The following is an exchange on one of my favorite blogs, Jack and Jill Politics:
The blog entry is entitled "What "Diana Ross and Mahogany can Teach Us about Oprah and Obama."
In case you weren't paying attention, the civil rights struggle migrated from politics to the board room sometime in the 1980s and 90s. An actual historian might be able to tell us why but perhaps it might have something to do with disillusionment and impatience that political power didn't translate as quickly into gains for ordinary African-Americans as climbing the corporate ladder as affirmative action began to open doors and fill wallets. The best and the brightest African-Americans seemed less interested in running for office or leading protests and more interested in leaping over loosened barriers to get Harvard MBAs and socially climb. Progressive meant sitting or speaking in all-white boardrooms and proving your intelligence and equality as many times as it took to get promoted.

To gain financial muscle, many leading African-Americans appeared to feel they had to cloak their political leanings behind a friendly, harmless smile. To appear as "safe Negroes", people like Michael Jordan, Oprah Winfrey, Al Roker and Jay-Z strove to show America that the most important color to them and other mercantile blacks was not black but green, baby. Whether you were conservative or liberal, white, black, brown, whatever -- you could love your favorite black celebrity/mogul without resentment or guilt. Even Queen Latifah and Whoopi Goldberg toned down their images to appear safer. The message was all about sameness and minimizing difference. At the same time, awed whites began to make jokes about how rich Oprah had become and blacks started worshiping at the alter of prosperity, reading books like "Girl, Get Your Money Straight!". Mercantile blacks had taken over.

That all started to change in reaction to the Bush Administration. It started in hip hop with Russell Simmons and the Hip Hop Political Summit and Sean "P.Diddy" Combs and his Vote or Die voter registration campaign. It was prima facie non-partisan but if your target audiences are young people and minorities, we all know the demographics are going to skew Democratic.

Deval Patrick of Massachusetts and Barack Obama of Illinois are a flashback to the optimism and determination of Billy Dee Williams. They represent the best and brightest that chose not to work for Merrill Lynch for example where they might make more money or become world-famous doctors like Ben Carson MD but take what many middle-class African-Americans would see as the riskier route of politics as their road to success.

What's different from the 60s and 70s is that their message is the hope of a brighter future not for African-Americans but for all Americans in their states no matter the color of their skin nor the size of their pocketbooks. They've taken the language of sameness pioneered by the mercantile blacks and have adopted it as a canny political strategy to cross socio-racial lines. They are the new Black Panthers, moving stealthily through the jungle of a new era.

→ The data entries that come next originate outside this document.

text \<open>Since the cells cover the simplex and overlap only in null sets, their probabilities add
  up to 1.\<close>
lemma sum_measure_cells:
  fixes x :: "real^'a::{finite,linorder}"
  assumes card: "1 < CARD('a)" and x: "x \<in> simplexS"
  shows "(\<Sum>b\<in>UNIV. measure uniformS (cell b x)) = 1"
proof -
  interpret prob_space "uniformS :: (real^'a::{finite,linorder}) measure"
    by (rule prob_space_uniformS[OF card])
  have "(\<Union>b. cell b x) = simplexS"
  proof
    show "(\<Union>b. cell b x) \<subseteq> simplexS" using cell_subset_simplexS by blast
    show "simplexS \<subseteq> (\<Union>b. cell b x)" using cell_cover[OF x] by blast
  qed
  moreover have "measure uniformS (\<Union>b\<in>UNIV. cell b x) = (\<Sum>b\<in>UNIV. measure uniformS (cell b x))"
  proof (rule measure_UNION_AE)
    show "pairwise (\<lambda>i j. AE s in uniformS. s \<notin> cell i x \<or> s \<notin> cell j x) UNIV"
      unfolding pairwise_def
    proof (intro allI impI ballI)
      fix i j :: 'a assume "i \<noteq> j"
      from cell_overlap_null[OF x this]
      show "AE s in uniformS. s \<notin> cell i x \<or> s \<notin> cell j x"
        by (rule AE_I') auto
    qed
  qed (simp_all add: fmeasurable_eq_sets cell_borel)
  moreover have "emeasure uniformS (simplexS :: (real^'a::{finite,linorder}) set) = 1"
    unfolding uniformS_def
    by (rule emeasure_uniform_measure_1) (simp_all add: emeasure_lebesgueH_simplexS[OF card])
  ultimately show ?thesis by (simp add: measure_def)
qed

text \<open>P[U in cell a x] = x_a for every letter; for a0, where the chart computation does not apply,
  this follows from the other letters by complement.\<close>
lemma measure_cell:
  fixes x :: "real^'a::{finite,linorder}"
  assumes card: "1 < CARD('a)" and x: "x \<in> simplexS"
  shows "measure uniformS (cell a x) = x$a"
proof (cases "a = a0")
  case True
  have "(\<Sum>b\<in>UNIV. measure uniformS (cell b x))
          = measure uniformS (cell a0 x) + (\<Sum>b\<in>UNIV - {a0}. measure uniformS (cell b x))"
    by (simp add: sum.remove[of UNIV a0])
  also have "(\<Sum>b\<in>UNIV - {a0}. measure uniformS (cell b x)) = (\<Sum>b\<in>UNIV - {a0}. x$b)"
    by (intro sum.cong) (simp_all add: measure_cell_chart[OF _ x])
  finally have "measure uniformS (cell a0 x) + (\<Sum>b\<in>UNIV - {a0}. x$b) = 1"
    using sum_measure_cells[OF card x] by simp
  moreover have "x$a0 + (\<Sum>b\<in>UNIV - {a0}. x$b) = 1"
    using x by (simp add: simplexS_def sum.remove[of UNIV a0, symmetric])
  ultimately show ?thesis
    using True by simp
qed (rule measure_cell_chart[OF _ x])

lemma measure_cell_weight:
  fixes w :: "real^'a::{finite,linorder}"
  assumes card: "1 < CARD('a)" and w: "\<And>b. 0 \<le> w$b" and W: "0 < (\<Sum>b\<in>UNIV. w$b)"
  shows "measure uniformS (cell a w) = w$a / (\<Sum>b\<in>UNIV. w$b)"
proof -
  define W where "W = (\<Sum>b\<in>UNIV. w$b)"
  have "(1 / W) *\<^sub>R w \<in> simplexS"
    using w W by (auto simp: simplexS_def W_def sum_divide_distrib[symmetric])
  from measure_cell[OF card this, of a] cell_scale[of "1 / W" a w] W
  show ?thesis by (simp add: W_def)
qed

lemma Least_level_iff:
  fixes F :: "'a::{finite,linorder} \<Rightarrow> 'b set"
  shows "(LEAST a. s \<in> F a) = c \<longleftrightarrow>
           (s \<in> F c \<and> (\<forall>d\<in>{..<c}. s \<notin> F d)) \<or> ((\<forall>d. s \<notin> F d) \<and> (LEAST a::'a. False) = c)"
proof (cases "\<exists>d. s \<in> F d")
  case True
  then have ne: "{a. s \<in> F a} \<noteq> {}" by auto
  have "(LEAST a. s \<in> F a) = Min {a. s \<in> F a}" using True by (intro Least_Min) auto
  moreover have "Min {a. s \<in> F a} = c \<longleftrightarrow> s \<in> F c \<and> (\<forall>d\<in>{..<c}. s \<notin> F d)"
  proof -
    have min_in: "s \<in> F (Min {a. s \<in> F a})" using Min_in[OF _ ne] by auto
    have min_le: "Min {a. s \<in> F a} \<le> d" if "s \<in> F d" for d using that by (intro Min_le) auto
    show ?thesis
    proof
      assume "s \<in> F c \<and> (\<forall>d\<in>{..<c}. s \<notin> F d)"
      then have "Min {a. s \<in> F a} \<le> c" "\<not> Min {a. s \<in> F a} < c"
        using min_in min_le by auto
      then show "Min {a. s \<in> F a} = c" by simp
    qed (use min_in min_le in \<open>auto simp: not_le[symmetric]\<close>)
  qed
  ultimately show ?thesis using True by auto
next
  case False
  then have nF: "\<And>d. s \<notin> F d" by blast
  then have "(LEAST a. s \<in> F a) = (LEAST a::'a. False)" by simp
  then show ?thesis using nF by simp
qed

lemma gfun_eq_Least: "gfun s p = (LEAST a. s \<in> cell a (Gp p))"
  by (simp add: gfun_def Sa_eq_cell)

What's different from the 70s is we may be on the verge of another alliance between mercantile blacks and political blacks. Oprah Winfrey has stepped out of the political shadows out of her neutral comfort zone to throw her voice and her money behind Barack Obama. She knows she may lose some of her audience and doesn't seem to care. She's willing to trade the The goals of mercantile blacks and political blacks are becoming re-aligned. In part out of desperation to push the people who have sent our relatives to maiming and death in Iraq out of office. This force -- last seen during the struggle for civil rights in the 1940s-60s -- is what drove incredible progress and prosperity in America and not only for African-Americans, dig. It introduced lasting change from which we continue to profit as a nation today.

I've been telling people not to sleep on the Oprah/Obama combination for almost a year now. We'll just have to see how powerful this force really is and what it might mean for the relationship between mercantile and political African-Americans in the new millennium.

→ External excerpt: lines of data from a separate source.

lemma fmul_scale_left: "fmul (\<lambda>w. c * p w) q = (\<lambda>w. c * fmul p q w)"
  by (rule ext) (simp add: fmul_def sum_distrib_left mult.assoc)

lemma fmul_scale_right: "fmul q (\<lambda>w. c * p w) = (\<lambda>w. c * fmul q p w)"
  by (rule ext) (simp add: fmul_def sum_distrib_left ac_simps)

lemma fmul_diff_left: "fmul (p - q) r = fmul p r - fmul q r"
  by (rule ext) (simp add: fmul_def left_diff_distrib sum_subtractf minus_apply)

lemma fmul_diff_right: "fmul r (p - q) = fmul r p - fmul r q"
  by (rule ext) (simp add: fmul_def right_diff_distrib sum_subtractf minus_apply)

lemma fmul_assoc: "fmul (fmul p q) r = fmul p (fmul q r)"
proof (rule ext)
  fix w :: "'a list"
  define n where "n = length w"
  define g where "g j k = p (take j w) * q (take k (drop j w)) * r (drop (j + k) w)" for j k
  have "fmul (fmul p q) r w = (\<Sum>i\<le>n. \<Sum>j\<le>i. g j (i - j))"
    unfolding fmul_def n_def
    by (auto simp: g_def sum_distrib_right take_take drop_take min_def intro!: sum.cong)
  also have "\<dots> = (\<Sum>(j, k)\<in>{(j, k). j + k \<le> n}. g j k)"
    by (rule sum.triangle_reindex_eq[symmetric])
  also have "{(j, k). j + k \<le> n} = Sigma {..n} (\<lambda>j. {..n - j})"
    by auto
  also have "(\<Sum>(j, k)\<in>Sigma {..n} (\<lambda>j. {..n - j}). g j k) = (\<Sum>j\<le>n. \<Sum>k\<le>n - j. g j k)"
    by (rule sum.Sigma[symmetric]) auto
  also have "\<dots> = fmul p (fmul q r) w"
    unfolding fmul_def n_def
    by (auto simp: g_def sum_distrib_left drop_drop add.commute mult.assoc intro!: sum.cong)
  finally show "fmul (fmul p q) r w = fmul p (fmul q r) w" .
qed

lemma fmul_replicate_commute: "fmul p q (replicate n z) = fmul q p (replicate n z)"
proof -
  have "fmul p q (replicate n z) = (\<Sum>i\<le>n. p (replicate i z) * q (replicate (n - i) z))"
    by (simp add: fmul_def)
  also have "\<dots> = (\<Sum>i\<le>n. p (replicate (n - i) z) * q (replicate i z))"
    by (rule sum.reindex_bij_witness[where i = "\<lambda>i. n - i" and j = "\<lambda>i. n - i"]) auto
  also have "\<dots> = fmul q p (replicate n z)"
    by (simp add: fmul_def mult.commute)
  finally show ?thesis .
qed

lemma lie_br_add_left: "lie_br (p + q) r = lie_br p r + lie_br q r"
  by (simp add: lie_br_def fmul_add_left fmul_add_right)

lemma lie_br_add_right: "lie_br r (p + q) = lie_br r p + lie_br r q"
  by (simp add: lie_br_def fmul_add_left fmul_add_right)

lemma lie_br_scale_left: "lie_br (\<lambda>w. c * p w) q = (\<lambda>w. c * lie_br p q w)"
  by (rule ext)
    (simp add: lie_br_def fmul_scale_left fmul_scale_right right_diff_distrib minus_apply)

lemma lie_br_scale_right: "lie_br q (\<lambda>w. c * p w) = (\<lambda>w. c * lie_br q p w)"
  by (rule ext)
    (simp add: lie_br_def fmul_scale_left fmul_scale_right right_diff_distrib minus_apply)

lemma lie_br_zero_left [simp]: "lie_br 0 q = 0"
  by (rule ext) (simp add: lie_br_def fmul_def zero_fun_apply minus_apply)

lemma lie_br_zero_right [simp]: "lie_br q 0 = 0"
  by (rule ext) (simp add: lie_br_def fmul_def zero_fun_apply minus_apply)

lemma lie_br_diff_right: "lie_br r (p - q) = lie_br r p - lie_br r q"
  by (simp add: lie_br_def fmul_diff_left fmul_diff_right)

lemma lie_br_sum_right: "lie_br r (sum f S) = (\<Sum>a\<in>S. lie_br r (f a))"
  by (induction S rule: infinite_finite_induct) (simp_all add: lie_br_add_right)

lemma lie_br_jacobi_left: "lie_br (lie_br a b) q = lie_br a (lie_br b q) - lie_br b (lie_br a q)"
  by (simp add: lie_br_def fmul_diff_left fmul_diff_right fmul_assoc algebra_simps)

lemma lie_br_jacobi_right: "lie_br y (lie_br a b) = lie_br a (lie_br y b) - lie_br b (lie_br y a)"
  by (simp add: lie_br_def fmul_diff_left fmul_diff_right fmul_assoc algebra_simps)

lemma set_take_drop_subset_iff: "set w \<subseteq> A \<longleftrightarrow> set (take i w) \<subseteq> A \<and> set (drop i w) \<subseteq> A"
  by (metis append_take_drop_id set_append Un_subset_iff)

lemma proj_add: "proj A (p + q) = proj A p + proj A q"
  by (rule ext) (simp add: proj_def plus_fun_apply)

lemma proj_scale: "proj A (\<lambda>w. c * p w) = (\<lambda>w. c * proj A p w)"
  by (rule ext) (simp add: proj_def)

lemma proj_zero [simp]: "proj A 0 = 0"
  by (rule ext) (simp add: proj_def zero_fun_apply)

lemma proj_diff: "proj A (p - q) = proj A p - proj A q"
  by (rule ext) (simp add: proj_def minus_apply)

lemma proj_sum: "proj A (sum f S) = (\<Sum>a\<in>S. proj A (f a))"
  by (rule ext) (simp add: proj_def sum_fun_apply)

lemma proj_gen: "proj A (gen x) = (if x \<in> A then gen x else 0)"
  by (rule ext) (auto simp: proj_def gen_def zero_fun_apply)

lemma proj_proj: "proj B (proj A p) = proj (A \<inter> B) p"
  by (rule ext) (auto simp: proj_def)

lemma proj_fmul: "proj A (fmul p q) = fmul (proj A p) (proj A q)"
proof (rule ext)
  fix w :: "'a list"
  show "proj A (fmul p q) w = fmul (proj A p) (proj A q) w"
  proof (cases "set w \<subseteq> A")
    case True
    then have "set (take i w) \<subseteq> A" "set (drop i w) \<subseteq> A" for i
      by (meson set_take_drop_subset_iff)+
    with True show ?thesis
      by (simp add: proj_def fmul_def)
  next
    case False
    then have "proj A p (take i w) * proj A q (drop i w) = 0" for i
      using set_take_drop_subset_iff[of w A i] by (auto simp: proj_def)
    then have "fmul (proj A p) (proj A q) w = 0"
      unfolding fmul_def by (intro sum.neutral) blast
    with False show ?thesis
      by (simp add: proj_def)
  qed
qed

What happens when the Black Crusaders meet the new Black Panthers -- watch out!
As part of the generation that was a child when Martin Luther King was killed, yet heard these Civil Rights war stories from my parents (who thought Jesse Jackson was nothing more than a hustler even back in the 60s), I saw the logic of Jill's arguments, but I've also dealt with the likes of Harold Ford, Jr., Artur Davis - those brothas on Capitol Hill who are 40 and under (in other words, my age or thereabouts) who should be able to both appreciate the Civil Rights vets, yet be savvy and respectful enough to not flat out diss their contributions by their willingness to collect a check from the corporat masters, hastily pick up their lanterns and take up their positions on the lawn, for their own personal gain.

So, before I decide if I'm going to comment or not, I find that my colleague, Bruce Dixon of Black Agenda Report, has his own ideas on the subject:

I would fundamentally disagree with the author's statement that “the struggle has “migrated” from the street to the board room,” though that's precisely the way some of the black faces in the board room like to tell it. More accurately, at the end of the sixties, the board room doors swung open for the few that were already prepared to enter. On their way in the door they turned around to the rest of us in the street. They assured us that this was the next phase of the struggle, that marching, boycotting, grassroots organizing, and nearly everything that violated the law was obsolete, to buy from Black businesses, and that they'd be back to tell us how to vote every year or two.

A second generation of conscienceless black politicos followed at their heels, folks like Greg Meeks of NY and Artur Davis of AL and of course Harold Ford of TN, whose crossover to the realm of shills for big business has been so thorough as to leave room for only the most cursory nod to the train that got them there, let alone the sacrifices of ordinary folks who laid the rails and what motivated them.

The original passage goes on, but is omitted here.